PROBLEM STATEMENT
Using the records that appear below, write out exactly the lines from the one with "(\<forall>f \<in> cArr C. \<forall>g \<in> cArr C. \<forall>h" through the one with "(\<exists>g \<in> hom", keeping both end lines.

DATA FOR THIS TASK
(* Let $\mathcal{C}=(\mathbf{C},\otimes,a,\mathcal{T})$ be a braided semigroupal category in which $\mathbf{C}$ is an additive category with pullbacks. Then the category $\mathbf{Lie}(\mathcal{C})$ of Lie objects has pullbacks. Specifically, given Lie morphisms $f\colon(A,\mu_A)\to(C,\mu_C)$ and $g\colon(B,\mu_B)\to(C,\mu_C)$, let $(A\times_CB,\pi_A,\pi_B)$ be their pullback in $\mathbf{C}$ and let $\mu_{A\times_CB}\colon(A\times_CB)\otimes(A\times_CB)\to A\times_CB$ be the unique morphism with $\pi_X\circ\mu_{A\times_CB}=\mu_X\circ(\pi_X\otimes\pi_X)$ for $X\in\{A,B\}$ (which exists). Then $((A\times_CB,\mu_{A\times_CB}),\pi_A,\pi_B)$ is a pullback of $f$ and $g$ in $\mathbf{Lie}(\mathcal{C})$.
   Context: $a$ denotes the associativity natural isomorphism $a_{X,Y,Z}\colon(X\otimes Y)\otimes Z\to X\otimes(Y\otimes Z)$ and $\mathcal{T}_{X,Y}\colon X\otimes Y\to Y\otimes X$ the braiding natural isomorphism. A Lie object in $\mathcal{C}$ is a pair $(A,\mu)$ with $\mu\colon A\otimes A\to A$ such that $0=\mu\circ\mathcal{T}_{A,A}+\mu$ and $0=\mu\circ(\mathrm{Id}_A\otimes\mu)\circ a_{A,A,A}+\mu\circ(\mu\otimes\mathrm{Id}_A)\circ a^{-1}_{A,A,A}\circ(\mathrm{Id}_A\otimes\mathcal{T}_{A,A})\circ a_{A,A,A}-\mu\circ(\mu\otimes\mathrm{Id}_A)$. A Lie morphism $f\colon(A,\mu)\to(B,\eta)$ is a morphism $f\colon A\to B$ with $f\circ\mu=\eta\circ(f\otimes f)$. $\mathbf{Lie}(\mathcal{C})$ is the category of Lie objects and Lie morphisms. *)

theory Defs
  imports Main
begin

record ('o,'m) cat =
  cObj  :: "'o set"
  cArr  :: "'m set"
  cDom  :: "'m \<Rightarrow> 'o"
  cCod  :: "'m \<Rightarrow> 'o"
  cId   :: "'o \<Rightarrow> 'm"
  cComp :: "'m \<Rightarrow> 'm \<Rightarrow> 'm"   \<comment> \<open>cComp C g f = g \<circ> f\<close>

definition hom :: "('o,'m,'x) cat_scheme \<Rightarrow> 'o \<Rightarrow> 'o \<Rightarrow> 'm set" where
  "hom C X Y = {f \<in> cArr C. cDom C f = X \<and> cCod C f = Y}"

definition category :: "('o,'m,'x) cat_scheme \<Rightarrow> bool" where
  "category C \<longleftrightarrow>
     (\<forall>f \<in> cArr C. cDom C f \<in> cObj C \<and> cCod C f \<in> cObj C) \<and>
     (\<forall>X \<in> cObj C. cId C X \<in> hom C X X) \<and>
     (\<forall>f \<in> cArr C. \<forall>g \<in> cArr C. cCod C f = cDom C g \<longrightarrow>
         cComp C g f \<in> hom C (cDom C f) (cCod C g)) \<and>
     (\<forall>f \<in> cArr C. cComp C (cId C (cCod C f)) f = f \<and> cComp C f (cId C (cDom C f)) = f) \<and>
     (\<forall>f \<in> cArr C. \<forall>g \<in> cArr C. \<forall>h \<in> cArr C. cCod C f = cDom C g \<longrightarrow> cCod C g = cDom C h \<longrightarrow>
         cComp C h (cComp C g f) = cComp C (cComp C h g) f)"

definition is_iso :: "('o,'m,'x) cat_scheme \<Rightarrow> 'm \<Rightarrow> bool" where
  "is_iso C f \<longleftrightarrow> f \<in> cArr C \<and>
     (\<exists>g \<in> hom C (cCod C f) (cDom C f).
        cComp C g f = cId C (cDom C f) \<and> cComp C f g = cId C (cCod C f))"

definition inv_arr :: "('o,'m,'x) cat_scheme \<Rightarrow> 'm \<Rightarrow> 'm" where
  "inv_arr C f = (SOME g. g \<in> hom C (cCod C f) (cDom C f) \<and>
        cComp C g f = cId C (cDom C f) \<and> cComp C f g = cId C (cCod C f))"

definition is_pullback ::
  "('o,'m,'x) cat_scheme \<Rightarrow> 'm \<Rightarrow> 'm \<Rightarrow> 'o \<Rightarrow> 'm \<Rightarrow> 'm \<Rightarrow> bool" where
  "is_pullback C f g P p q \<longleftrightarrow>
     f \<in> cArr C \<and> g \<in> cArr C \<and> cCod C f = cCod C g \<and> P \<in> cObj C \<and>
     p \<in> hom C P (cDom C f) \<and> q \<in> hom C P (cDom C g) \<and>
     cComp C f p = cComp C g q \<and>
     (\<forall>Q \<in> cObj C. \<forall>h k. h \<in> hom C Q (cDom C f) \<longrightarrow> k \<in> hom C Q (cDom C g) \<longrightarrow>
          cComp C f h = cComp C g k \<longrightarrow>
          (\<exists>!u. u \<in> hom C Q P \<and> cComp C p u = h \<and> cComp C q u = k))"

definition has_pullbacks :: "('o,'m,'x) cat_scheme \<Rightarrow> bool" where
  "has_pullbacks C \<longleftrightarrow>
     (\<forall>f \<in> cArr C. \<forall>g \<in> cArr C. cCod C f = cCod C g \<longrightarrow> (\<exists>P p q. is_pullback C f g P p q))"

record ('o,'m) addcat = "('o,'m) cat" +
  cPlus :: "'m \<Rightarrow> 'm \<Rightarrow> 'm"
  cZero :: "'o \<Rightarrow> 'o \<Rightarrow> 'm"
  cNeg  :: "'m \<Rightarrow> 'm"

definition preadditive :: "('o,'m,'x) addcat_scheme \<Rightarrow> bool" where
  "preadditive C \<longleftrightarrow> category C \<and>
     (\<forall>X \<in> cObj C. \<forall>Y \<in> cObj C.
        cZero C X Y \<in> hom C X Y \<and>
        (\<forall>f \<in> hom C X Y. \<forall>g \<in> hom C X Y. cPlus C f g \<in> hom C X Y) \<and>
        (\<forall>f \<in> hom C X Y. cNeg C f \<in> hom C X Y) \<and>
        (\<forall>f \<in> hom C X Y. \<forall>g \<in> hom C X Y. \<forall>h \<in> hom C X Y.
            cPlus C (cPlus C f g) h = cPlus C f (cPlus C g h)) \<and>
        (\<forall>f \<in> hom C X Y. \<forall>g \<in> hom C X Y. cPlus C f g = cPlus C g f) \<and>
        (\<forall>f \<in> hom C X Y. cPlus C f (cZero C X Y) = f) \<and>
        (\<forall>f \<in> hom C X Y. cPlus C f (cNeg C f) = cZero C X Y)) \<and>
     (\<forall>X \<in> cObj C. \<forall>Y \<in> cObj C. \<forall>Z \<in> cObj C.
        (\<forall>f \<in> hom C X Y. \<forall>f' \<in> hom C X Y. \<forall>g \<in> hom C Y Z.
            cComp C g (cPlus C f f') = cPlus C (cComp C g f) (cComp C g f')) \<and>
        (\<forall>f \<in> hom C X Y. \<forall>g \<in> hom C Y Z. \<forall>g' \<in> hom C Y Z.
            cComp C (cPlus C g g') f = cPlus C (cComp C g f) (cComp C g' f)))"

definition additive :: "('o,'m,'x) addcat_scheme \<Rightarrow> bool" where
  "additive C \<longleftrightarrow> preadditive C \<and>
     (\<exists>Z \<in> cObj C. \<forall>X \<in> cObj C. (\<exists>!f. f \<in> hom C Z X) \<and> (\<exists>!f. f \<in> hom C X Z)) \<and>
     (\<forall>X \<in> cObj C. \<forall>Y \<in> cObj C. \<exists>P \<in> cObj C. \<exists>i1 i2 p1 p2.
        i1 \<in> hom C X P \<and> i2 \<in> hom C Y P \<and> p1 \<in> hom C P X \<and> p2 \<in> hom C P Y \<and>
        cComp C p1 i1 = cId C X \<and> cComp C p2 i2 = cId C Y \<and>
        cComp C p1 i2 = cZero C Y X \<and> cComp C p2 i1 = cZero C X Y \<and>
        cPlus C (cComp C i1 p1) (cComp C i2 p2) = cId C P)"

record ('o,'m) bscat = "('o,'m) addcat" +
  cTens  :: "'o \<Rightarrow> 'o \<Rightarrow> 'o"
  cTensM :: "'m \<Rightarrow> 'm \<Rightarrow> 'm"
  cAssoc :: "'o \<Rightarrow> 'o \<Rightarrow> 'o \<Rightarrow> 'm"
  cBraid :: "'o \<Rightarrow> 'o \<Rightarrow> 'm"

TASK RESULT
     (\<forall>f \<in> cArr C. \<forall>g \<in> cArr C. \<forall>h \<in> cArr C. cCod C f = cDom C g \<longrightarrow> cCod C g = cDom C h \<longrightarrow>
         cComp C h (cComp C g f) = cComp C (cComp C h g) f)"

definition is_iso :: "('o,'m,'x) cat_scheme \<Rightarrow> 'm \<Rightarrow> bool" where
  "is_iso C f \<longleftrightarrow> f \<in> cArr C \<and>
     (\<exists>g \<in> hom C (cCod C f) (cDom C f).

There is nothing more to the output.